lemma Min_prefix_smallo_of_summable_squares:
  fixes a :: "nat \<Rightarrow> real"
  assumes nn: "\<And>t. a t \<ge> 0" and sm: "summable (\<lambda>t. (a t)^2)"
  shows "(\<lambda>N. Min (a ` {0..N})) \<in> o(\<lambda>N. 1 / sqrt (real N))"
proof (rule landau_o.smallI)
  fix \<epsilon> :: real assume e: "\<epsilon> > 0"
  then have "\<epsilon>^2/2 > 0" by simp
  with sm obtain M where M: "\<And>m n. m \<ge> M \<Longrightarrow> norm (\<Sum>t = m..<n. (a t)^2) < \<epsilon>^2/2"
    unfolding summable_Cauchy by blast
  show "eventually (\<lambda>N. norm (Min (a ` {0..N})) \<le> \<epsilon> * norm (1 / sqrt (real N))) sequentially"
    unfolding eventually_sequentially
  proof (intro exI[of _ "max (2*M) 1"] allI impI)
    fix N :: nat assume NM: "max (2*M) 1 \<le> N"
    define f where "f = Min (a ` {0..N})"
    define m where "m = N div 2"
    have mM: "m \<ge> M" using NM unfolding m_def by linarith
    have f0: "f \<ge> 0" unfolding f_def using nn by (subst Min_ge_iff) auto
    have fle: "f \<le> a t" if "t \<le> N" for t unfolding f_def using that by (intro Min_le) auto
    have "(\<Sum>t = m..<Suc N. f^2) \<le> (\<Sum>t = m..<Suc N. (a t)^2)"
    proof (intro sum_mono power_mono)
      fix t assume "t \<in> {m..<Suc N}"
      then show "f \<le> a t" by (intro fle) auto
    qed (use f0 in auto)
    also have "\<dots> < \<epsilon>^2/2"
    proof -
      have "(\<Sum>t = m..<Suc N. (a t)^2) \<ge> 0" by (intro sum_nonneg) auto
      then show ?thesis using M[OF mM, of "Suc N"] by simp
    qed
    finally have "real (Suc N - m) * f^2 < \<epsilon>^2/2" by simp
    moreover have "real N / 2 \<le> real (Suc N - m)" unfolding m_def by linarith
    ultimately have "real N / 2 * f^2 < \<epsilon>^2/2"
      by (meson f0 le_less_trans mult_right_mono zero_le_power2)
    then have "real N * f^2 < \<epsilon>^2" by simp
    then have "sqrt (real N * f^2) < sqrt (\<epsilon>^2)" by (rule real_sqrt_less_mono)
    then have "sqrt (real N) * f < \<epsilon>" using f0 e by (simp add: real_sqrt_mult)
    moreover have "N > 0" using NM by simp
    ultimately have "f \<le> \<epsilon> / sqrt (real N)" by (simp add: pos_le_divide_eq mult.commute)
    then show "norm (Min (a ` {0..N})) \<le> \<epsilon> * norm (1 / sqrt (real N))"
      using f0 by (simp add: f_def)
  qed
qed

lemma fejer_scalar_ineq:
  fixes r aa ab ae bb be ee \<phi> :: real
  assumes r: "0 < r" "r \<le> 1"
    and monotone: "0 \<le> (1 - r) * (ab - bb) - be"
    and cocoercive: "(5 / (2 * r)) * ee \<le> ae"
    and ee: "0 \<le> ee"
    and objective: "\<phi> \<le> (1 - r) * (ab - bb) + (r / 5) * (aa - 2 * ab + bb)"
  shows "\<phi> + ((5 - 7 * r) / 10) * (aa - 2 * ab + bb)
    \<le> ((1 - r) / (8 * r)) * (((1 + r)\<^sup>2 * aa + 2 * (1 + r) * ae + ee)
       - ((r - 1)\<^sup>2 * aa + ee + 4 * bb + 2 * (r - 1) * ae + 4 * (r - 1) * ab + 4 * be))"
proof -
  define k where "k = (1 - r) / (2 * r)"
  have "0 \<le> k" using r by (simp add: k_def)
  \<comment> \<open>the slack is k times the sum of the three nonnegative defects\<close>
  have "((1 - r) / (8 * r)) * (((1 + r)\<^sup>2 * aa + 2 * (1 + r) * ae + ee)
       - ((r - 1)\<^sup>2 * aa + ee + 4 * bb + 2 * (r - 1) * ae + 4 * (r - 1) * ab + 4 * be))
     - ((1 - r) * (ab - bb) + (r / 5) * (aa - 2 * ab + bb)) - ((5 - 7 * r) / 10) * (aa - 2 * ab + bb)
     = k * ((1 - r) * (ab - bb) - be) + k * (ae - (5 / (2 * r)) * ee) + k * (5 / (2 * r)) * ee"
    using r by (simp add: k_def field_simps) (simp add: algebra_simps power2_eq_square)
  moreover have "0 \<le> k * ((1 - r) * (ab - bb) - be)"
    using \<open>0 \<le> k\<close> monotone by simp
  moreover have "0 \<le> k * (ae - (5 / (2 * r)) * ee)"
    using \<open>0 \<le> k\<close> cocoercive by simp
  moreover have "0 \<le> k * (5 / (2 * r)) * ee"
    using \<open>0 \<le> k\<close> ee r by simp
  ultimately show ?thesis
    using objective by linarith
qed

########################################

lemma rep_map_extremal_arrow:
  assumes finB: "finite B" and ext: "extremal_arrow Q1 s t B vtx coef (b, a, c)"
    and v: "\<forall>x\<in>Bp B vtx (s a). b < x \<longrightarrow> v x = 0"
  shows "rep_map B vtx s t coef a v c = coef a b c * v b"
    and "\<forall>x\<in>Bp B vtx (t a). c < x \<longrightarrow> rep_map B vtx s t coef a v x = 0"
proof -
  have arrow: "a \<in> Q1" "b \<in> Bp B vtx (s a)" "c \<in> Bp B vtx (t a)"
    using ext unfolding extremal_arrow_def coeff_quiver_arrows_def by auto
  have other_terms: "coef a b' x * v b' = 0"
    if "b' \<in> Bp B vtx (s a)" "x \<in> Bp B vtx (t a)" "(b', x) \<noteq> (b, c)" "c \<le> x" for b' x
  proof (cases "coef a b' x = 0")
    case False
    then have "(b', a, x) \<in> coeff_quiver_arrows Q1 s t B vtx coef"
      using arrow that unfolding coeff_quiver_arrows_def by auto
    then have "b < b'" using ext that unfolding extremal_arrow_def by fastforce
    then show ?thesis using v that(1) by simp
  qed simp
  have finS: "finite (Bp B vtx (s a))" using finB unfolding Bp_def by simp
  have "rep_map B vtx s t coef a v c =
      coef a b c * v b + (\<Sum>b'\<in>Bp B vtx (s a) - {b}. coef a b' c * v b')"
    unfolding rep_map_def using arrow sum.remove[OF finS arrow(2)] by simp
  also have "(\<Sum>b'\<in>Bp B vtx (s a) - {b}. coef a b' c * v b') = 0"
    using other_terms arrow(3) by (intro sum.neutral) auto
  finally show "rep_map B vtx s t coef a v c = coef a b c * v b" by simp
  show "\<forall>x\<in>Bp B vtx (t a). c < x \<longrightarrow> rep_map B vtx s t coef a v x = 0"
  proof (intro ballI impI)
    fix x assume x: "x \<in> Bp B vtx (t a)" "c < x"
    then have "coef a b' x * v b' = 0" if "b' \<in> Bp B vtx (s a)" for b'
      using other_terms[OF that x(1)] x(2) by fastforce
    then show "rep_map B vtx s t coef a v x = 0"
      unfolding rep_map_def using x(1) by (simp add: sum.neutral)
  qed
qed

########################################

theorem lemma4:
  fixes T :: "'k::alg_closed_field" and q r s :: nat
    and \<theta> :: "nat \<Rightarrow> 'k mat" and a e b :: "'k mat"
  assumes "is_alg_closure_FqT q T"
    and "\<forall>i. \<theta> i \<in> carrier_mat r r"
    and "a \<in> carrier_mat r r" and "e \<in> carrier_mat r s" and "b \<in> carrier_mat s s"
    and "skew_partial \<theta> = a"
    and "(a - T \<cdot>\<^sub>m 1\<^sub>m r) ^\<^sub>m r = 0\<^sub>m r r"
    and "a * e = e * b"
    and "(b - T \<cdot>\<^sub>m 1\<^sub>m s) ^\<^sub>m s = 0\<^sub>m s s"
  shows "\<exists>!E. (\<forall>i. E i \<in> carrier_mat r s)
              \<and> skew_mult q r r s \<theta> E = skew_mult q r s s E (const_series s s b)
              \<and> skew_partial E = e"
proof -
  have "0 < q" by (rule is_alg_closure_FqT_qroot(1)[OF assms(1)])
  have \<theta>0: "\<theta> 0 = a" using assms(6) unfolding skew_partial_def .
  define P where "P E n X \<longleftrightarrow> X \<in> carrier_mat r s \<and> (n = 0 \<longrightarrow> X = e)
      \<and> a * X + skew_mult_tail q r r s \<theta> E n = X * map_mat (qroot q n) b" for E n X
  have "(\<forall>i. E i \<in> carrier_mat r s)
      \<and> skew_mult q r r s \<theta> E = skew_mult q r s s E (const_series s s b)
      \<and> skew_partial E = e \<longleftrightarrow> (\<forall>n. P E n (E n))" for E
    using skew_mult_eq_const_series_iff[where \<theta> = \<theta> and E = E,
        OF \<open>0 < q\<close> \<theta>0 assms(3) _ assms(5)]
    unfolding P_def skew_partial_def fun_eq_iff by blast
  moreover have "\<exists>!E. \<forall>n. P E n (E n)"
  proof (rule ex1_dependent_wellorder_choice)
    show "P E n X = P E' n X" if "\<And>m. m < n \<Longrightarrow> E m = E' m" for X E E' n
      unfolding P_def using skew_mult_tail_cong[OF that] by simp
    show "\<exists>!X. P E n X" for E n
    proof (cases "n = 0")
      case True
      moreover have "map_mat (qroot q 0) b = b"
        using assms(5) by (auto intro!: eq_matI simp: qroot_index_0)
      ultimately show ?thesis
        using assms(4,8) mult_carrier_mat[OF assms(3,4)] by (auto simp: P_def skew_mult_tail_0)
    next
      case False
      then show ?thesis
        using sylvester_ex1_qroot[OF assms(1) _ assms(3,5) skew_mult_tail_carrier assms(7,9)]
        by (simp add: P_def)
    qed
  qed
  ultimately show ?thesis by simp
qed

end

########################################

● **EXERCISE REQUIREMENTS**
Please copy every line of the data that carries the string "monotone".

● **FINAL ANSWER**
    and monotone: "0 \<le> (1 - r) * (ab - bb) - be"
    using \<open>0 \<le> k\<close> monotone by simp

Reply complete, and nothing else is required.